=== Dataset records ===
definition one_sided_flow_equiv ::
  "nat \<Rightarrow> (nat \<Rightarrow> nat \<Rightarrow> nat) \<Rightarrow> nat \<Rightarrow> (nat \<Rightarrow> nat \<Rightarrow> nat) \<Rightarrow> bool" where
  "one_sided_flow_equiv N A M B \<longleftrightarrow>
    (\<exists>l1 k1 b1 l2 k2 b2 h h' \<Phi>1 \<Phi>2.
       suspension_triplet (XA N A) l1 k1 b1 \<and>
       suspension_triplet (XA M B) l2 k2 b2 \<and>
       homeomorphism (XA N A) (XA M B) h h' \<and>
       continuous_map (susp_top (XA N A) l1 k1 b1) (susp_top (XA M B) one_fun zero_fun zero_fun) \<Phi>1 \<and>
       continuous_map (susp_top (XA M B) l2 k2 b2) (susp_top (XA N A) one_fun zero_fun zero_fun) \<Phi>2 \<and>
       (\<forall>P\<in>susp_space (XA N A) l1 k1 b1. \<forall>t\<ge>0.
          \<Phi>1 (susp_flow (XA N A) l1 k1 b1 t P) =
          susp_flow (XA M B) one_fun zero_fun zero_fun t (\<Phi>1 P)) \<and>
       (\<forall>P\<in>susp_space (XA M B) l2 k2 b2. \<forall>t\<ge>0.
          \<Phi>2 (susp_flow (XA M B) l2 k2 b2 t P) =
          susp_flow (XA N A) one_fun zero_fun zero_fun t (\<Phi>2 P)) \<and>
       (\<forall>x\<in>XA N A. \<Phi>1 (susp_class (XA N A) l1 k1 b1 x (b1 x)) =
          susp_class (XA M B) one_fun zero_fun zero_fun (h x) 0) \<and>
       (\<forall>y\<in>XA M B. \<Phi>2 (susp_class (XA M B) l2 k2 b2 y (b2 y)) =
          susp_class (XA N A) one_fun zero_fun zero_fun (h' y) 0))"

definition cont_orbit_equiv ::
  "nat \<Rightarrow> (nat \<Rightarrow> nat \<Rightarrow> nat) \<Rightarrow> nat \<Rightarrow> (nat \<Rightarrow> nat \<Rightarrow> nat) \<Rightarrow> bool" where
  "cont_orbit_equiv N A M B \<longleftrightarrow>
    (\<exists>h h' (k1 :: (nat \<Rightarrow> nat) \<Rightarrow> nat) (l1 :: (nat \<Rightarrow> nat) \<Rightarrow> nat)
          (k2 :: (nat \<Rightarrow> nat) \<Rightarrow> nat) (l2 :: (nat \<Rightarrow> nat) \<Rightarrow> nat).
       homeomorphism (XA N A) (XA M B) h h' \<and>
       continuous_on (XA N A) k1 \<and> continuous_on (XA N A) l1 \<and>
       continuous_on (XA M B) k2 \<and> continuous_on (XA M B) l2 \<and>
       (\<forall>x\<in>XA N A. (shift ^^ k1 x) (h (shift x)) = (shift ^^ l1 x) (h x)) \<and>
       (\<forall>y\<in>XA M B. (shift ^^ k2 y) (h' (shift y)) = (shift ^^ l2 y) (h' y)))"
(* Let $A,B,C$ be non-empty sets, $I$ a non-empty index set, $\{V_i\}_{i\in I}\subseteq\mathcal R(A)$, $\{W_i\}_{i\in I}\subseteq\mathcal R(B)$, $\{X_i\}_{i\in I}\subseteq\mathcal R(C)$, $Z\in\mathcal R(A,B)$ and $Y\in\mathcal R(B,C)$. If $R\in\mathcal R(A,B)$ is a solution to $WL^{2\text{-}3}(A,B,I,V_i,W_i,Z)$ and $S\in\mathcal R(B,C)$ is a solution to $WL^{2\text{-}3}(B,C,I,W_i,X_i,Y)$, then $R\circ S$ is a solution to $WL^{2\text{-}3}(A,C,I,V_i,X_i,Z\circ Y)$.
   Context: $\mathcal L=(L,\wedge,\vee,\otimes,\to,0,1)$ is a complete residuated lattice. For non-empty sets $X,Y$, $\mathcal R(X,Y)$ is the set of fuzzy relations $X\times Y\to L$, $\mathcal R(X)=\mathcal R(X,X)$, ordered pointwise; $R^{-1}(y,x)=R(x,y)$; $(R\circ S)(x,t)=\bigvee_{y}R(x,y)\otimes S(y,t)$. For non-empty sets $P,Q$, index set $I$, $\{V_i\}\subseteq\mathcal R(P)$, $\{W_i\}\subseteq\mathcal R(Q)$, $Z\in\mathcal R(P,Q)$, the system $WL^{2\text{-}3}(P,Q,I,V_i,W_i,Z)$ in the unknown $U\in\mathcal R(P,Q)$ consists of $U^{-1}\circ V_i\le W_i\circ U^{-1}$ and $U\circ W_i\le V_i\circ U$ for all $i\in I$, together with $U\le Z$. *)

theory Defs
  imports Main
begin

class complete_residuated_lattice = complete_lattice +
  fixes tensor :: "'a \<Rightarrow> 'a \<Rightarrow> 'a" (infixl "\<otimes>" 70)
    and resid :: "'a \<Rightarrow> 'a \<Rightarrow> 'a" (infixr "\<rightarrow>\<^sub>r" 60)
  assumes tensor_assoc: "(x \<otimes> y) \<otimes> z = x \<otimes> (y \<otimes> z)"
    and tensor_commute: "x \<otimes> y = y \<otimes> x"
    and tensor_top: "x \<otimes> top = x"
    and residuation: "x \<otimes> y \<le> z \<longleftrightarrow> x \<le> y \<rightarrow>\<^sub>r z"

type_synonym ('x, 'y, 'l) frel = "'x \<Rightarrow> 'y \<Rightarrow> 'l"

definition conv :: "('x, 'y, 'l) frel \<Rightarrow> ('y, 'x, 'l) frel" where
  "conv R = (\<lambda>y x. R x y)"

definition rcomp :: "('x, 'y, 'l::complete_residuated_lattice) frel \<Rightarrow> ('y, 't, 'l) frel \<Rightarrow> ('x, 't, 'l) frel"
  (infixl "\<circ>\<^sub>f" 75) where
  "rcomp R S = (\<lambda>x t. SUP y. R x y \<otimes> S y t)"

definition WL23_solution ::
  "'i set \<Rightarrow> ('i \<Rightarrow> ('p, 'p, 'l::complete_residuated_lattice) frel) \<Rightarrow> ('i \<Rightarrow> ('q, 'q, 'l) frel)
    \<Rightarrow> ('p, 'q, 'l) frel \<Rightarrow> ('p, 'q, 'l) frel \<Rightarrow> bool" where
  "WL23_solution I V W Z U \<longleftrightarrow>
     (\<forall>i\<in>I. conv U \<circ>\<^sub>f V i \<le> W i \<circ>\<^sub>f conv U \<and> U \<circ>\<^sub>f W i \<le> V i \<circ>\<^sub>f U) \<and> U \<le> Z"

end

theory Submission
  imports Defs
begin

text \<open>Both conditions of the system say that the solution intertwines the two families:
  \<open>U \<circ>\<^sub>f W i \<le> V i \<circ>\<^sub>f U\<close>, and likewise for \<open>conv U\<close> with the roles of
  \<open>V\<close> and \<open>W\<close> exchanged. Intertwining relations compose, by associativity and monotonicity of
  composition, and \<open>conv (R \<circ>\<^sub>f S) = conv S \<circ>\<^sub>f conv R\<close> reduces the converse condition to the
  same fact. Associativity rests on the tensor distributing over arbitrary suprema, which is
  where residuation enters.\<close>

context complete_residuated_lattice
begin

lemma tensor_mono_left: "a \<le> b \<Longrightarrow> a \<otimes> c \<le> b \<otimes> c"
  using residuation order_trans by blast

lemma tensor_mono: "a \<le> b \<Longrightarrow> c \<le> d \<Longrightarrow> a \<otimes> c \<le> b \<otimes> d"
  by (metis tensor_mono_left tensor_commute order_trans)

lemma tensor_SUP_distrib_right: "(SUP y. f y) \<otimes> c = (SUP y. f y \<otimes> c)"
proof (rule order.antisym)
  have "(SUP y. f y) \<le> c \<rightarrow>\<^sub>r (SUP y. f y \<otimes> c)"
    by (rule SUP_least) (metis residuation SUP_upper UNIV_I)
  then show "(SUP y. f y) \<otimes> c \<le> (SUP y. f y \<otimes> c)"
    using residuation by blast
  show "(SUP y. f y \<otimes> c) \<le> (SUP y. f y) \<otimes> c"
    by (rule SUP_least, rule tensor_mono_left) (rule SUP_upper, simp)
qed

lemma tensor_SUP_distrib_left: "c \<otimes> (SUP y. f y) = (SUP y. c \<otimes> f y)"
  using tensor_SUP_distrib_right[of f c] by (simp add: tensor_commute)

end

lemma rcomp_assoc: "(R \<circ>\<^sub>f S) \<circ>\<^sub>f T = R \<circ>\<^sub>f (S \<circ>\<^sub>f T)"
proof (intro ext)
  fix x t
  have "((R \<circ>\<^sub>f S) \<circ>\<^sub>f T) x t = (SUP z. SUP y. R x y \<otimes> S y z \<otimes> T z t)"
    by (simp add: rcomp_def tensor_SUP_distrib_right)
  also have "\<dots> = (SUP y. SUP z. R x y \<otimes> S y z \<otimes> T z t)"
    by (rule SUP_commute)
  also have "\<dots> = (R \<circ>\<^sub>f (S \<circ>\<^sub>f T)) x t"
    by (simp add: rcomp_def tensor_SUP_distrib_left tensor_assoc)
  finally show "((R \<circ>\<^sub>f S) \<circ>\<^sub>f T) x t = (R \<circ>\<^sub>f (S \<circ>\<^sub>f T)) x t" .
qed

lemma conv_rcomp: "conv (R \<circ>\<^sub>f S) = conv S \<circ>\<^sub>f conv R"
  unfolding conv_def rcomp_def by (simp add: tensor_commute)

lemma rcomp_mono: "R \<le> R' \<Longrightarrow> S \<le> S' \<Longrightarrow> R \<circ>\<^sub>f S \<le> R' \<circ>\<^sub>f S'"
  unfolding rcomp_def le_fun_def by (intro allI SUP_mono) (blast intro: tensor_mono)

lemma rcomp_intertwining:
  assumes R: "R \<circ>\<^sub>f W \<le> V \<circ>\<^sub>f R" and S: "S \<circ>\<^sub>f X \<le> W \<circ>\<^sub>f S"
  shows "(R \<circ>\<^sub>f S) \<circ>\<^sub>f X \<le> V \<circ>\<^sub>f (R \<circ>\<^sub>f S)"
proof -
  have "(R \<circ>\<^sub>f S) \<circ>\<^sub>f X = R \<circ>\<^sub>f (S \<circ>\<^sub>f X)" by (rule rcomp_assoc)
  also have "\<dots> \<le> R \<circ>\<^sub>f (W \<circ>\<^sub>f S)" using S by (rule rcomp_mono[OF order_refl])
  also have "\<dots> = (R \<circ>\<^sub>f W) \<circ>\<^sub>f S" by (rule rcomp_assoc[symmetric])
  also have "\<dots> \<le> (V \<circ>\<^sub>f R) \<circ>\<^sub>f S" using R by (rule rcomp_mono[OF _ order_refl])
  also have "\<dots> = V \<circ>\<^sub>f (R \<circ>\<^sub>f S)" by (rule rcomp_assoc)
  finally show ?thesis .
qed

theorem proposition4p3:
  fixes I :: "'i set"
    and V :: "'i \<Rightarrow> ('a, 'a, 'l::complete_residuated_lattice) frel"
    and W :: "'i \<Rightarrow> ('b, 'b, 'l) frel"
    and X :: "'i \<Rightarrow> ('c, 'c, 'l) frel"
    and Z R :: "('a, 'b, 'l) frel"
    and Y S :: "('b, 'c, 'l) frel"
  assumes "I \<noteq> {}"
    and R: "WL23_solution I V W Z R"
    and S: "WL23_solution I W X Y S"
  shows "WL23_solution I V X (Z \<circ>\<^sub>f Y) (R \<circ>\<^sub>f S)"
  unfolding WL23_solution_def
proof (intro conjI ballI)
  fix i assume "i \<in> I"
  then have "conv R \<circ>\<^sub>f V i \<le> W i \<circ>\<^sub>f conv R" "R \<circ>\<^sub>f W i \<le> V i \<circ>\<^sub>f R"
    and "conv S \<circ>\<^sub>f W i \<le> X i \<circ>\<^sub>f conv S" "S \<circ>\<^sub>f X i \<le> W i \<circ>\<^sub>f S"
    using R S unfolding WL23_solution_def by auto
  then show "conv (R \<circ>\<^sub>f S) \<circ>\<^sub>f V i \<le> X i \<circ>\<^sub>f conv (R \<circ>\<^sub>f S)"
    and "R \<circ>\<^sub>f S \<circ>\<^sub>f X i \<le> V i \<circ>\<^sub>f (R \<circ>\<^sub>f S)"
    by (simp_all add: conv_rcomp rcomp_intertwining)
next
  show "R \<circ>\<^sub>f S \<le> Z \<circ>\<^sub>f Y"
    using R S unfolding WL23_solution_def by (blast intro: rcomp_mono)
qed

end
===
▶ _Task description_: Look through the records and copy every line that has the word "unfolding".

▶ _Written answer_:
  unfolding conv_def rcomp_def by (simp add: tensor_commute)
  unfolding rcomp_def le_fun_def by (intro allI SUP_mono) (blast intro: tensor_mono)
  unfolding WL23_solution_def
    using R S unfolding WL23_solution_def by auto
    using R S unfolding WL23_solution_def by (blast intro: rcomp_mono)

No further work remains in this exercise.